Problem details: What is the number of lines in the records that contain "notin"? Give only that number.
......
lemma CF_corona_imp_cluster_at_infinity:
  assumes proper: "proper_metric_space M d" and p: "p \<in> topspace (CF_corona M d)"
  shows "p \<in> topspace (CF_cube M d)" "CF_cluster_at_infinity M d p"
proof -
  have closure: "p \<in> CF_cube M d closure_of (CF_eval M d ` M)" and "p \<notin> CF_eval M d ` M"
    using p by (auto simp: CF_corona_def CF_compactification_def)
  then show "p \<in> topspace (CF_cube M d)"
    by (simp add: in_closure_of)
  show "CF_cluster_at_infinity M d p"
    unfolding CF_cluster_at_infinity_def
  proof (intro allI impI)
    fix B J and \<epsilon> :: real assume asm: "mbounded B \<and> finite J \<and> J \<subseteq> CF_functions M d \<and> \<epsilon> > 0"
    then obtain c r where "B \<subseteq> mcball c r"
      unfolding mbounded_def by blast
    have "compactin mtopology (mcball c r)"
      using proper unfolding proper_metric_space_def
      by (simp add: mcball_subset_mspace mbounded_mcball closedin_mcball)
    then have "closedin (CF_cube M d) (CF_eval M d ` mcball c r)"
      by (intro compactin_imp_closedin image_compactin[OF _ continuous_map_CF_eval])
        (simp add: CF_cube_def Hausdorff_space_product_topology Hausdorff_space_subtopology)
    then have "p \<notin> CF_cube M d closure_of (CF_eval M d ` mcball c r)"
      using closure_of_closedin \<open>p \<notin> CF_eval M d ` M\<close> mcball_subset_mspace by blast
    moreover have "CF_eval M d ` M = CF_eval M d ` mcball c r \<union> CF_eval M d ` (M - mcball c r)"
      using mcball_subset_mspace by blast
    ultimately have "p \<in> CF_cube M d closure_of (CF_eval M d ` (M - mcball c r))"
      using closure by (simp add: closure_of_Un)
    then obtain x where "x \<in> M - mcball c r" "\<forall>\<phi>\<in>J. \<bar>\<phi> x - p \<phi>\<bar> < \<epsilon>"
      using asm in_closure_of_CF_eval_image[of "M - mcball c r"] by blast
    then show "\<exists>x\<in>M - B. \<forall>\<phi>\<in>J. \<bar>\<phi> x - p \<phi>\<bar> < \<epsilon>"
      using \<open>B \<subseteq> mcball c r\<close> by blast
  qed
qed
......
Worked solution: 3